───── DATA EXCERPTS ─────

(* Let $0\le\gamma<1$, $k\in[0,1]$, and let $f=h+\overline{g}$ be a harmonic mapping on $\Omega_\gamma$, where $h,g$ are analytic on $\Omega_\gamma$, $|h(z)|\le 1$ for all $z\in\Omega_\gamma$, $|g'(z)|\le k|h'(z)|$ for all $z\in\Omega_\gamma$, and $h(z)=\sum_{n=0}^\infty a_n z^n$, $g(z)=\sum_{n=1}^\infty b_n z^n$ for $z\in\mathbb{D}$ (so $g(0)=0$). Then $$\sum_{n=0}^\infty |a_n| r^n+\sum_{n=1}^\infty |b_n| r^n\le 1\qquad\text{for all } 0\le r\le r_0:=\frac{1+\gamma}{3+2k+\gamma}.$$ The radius $r_0$ is best possible: for every $r\in(r_0,1)$ there is such a mapping $f$ for which the left-hand side exceeds $1$.
   Context: $\mathbb{D}$ is the open unit disk. For $0\le\gamma<1$, $\Omega_\gamma=\{z\in\mathbb{C}: |z+\frac{\gamma}{1-\gamma}|<\frac{1}{1-\gamma}\}$, a disk containing $\mathbb{D}$. A harmonic mapping on a simply connected domain is a complex-valued function $f$ with $\Delta f=0$; it can be written $f=h+\overline{g}$ with $h,g$ analytic. *)

theory Defs
  imports "HOL-Complex_Analysis.Complex_Analysis"
begin

definition Omega :: "real \<Rightarrow> complex set" where
  "Omega \<gamma> = ball (- complex_of_real (\<gamma> / (1 - \<gamma>))) (1 / (1 - \<gamma>))"

text \<open>The class of harmonic mappings f = h + conj g on Omega_gamma considered in the theorem,
  together with the Taylor coefficients a (of h) and b (of g, indexed from 1) on the unit disk.\<close>
definition admissible ::
  "real \<Rightarrow> real \<Rightarrow> (complex \<Rightarrow> complex) \<Rightarrow> (complex \<Rightarrow> complex) \<Rightarrow> (nat \<Rightarrow> complex) \<Rightarrow> (nat \<Rightarrow> complex) \<Rightarrow> bool"
  where
  "admissible \<gamma> k h g a b \<longleftrightarrow>
     h holomorphic_on Omega \<gamma> \<and> g holomorphic_on Omega \<gamma> \<and>
     (\<forall>z\<in>Omega \<gamma>. norm (h z) \<le> 1) \<and>
     (\<forall>z\<in>Omega \<gamma>. norm (deriv g z) \<le> k * norm (deriv h z)) \<and>
     (\<forall>z\<in>ball 0 1. (\<lambda>n. a n * z ^ n) sums h z) \<and>
     (\<forall>z\<in>ball 0 1. (\<lambda>n. b (n + 1) * z ^ (n + 1)) sums g z)"

definition bohr_sum :: "(nat \<Rightarrow> complex) \<Rightarrow> (nat \<Rightarrow> complex) \<Rightarrow> real \<Rightarrow> real" where
  "bohr_sum a b r = (\<Sum>n. norm (a n) * r ^ n) + (\<Sum>n. norm (b (n + 1)) * r ^ (n + 1))"

end

theory Submission
  imports Defs
begin

(* Composing h with the Moebius map disk_to_Omega from the unit disk onto Omega_gamma gives a
   function F bounded by 1 on the disk, whose Taylor coefficients satisfy Wiener's inequality
   |c_m| <= 1 - |c_0|^2 (Schwarz-Pick at 0, applied to the average of F over the m-th roots of
   unity).  Since h = F o Omega_to_disk near 0, and the powers of Omega_to_disk z =
   z / (1 + gamma - gamma z) have nonnegative coefficients whose n-th coefficients sum to
   1 / (1 + gamma), this gives |a_n| <= (1 - |a_0|^2) / (1 + gamma) for n >= 1.
   Parseval's identity on circles for h' and g', together with |g'| <= k |h'|, yields
   sum |b_n|^2 r^n <= k^2 sum |a_n|^2 r^n after integrating twice in r, and an AM-GM estimate
   then bounds the Bohr sum by A + (1 + k) (1 - A^2) / (1 + gamma) * r / (1 - r) with
   A = |a_0|, which is at most 1 for r <= r0.
   For sharpness take h = (s - w) / (1 - s w) with w = Omega_to_disk z, and g = k (h - s):
   for s close to 1 its Bohr sum exceeds 1 at every r > r0. *)

section \<open>Schwarz-Pick at the origin and Wiener's inequality\<close>

lemma Schwarz_Pick_at_0_strict:
  fixes G :: "complex \<Rightarrow> complex"
  assumes hol: "G holomorphic_on ball 0 1" and bd: "\<And>w. norm w < 1 \<Longrightarrow> norm (G w) < 1"
  shows "norm (deriv G 0) \<le> 1 - (norm (G 0))\<^sup>2"
proof -
  define c where "c = G 0"
  have c: "norm c < 1" using bd[of 0] by (simp add: c_def)
  define H where "H = Moebius_function 0 c \<circ> G"
  have holH: "H holomorphic_on ball 0 1"
    unfolding H_def
    by (rule holomorphic_on_compose_gen[OF hol Moebius_function_holomorphic[OF c]]) (use bd in auto)
  have "norm (deriv H 0) \<le> 1"
    by (rule Schwarz_Lemma(2)[of H 0])
       (use holH bd c Moebius_function_norm_lt_1 in \<open>auto simp: H_def c_def Moebius_function_eq_zero\<close>)
  have cc: "1 - cnj c * c = of_real (1 - (norm c)\<^sup>2)"
    using complex_norm_square[of c] by (simp add: mult.commute)
  have cc0: "0 < 1 - (norm c)\<^sup>2" using c by (simp add: abs_square_less_1)
  hence den: "1 - cnj c * c \<noteq> 0" unfolding cc by (metis of_real_eq_0_iff less_irrefl)
  have dG: "(G has_field_derivative deriv G 0) (at 0)"
    using hol by (intro holomorphic_derivI[of _ "ball 0 1"]) auto
  have "(H has_field_derivative
          ((1 - cnj c * c) * deriv G 0) / ((1 - cnj c * c) * (1 - cnj c * c))) (at 0)"
    unfolding H_def o_def Moebius_function_simple
    using dG den by (auto intro!: derivative_eq_intros simp: c_def algebra_simps)
  hence "(H has_field_derivative deriv G 0 / (1 - cnj c * c)) (at 0)"
    using den by simp
  hence "norm (deriv H 0) = norm (deriv G 0) / (1 - (norm c)\<^sup>2)"
    using cc0 by (simp add: DERIV_imp_deriv norm_divide cc del: of_real_diff)
  then show ?thesis
    using \<open>norm (deriv H 0) \<le> 1\<close> cc0 by (simp add: c_def divide_le_eq)
qed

─────

## EXERCISE AIM
The answer is the run of lines above from the line containing "1 / (1 + gamma), this" through the line containing "sum |b_n|^2 r^n", copied exactly and alone.

## ANSWER TO THE PROBLEM
   1 / (1 + gamma), this gives |a_n| <= (1 - |a_0|^2) / (1 + gamma) for n >= 1.
   Parseval's identity on circles for h' and g', together with |g'| <= k |h'|, yields
   sum |b_n|^2 r^n <= k^2 sum |a_n|^2 r^n after integrating twice in r, and an AM-GM estimate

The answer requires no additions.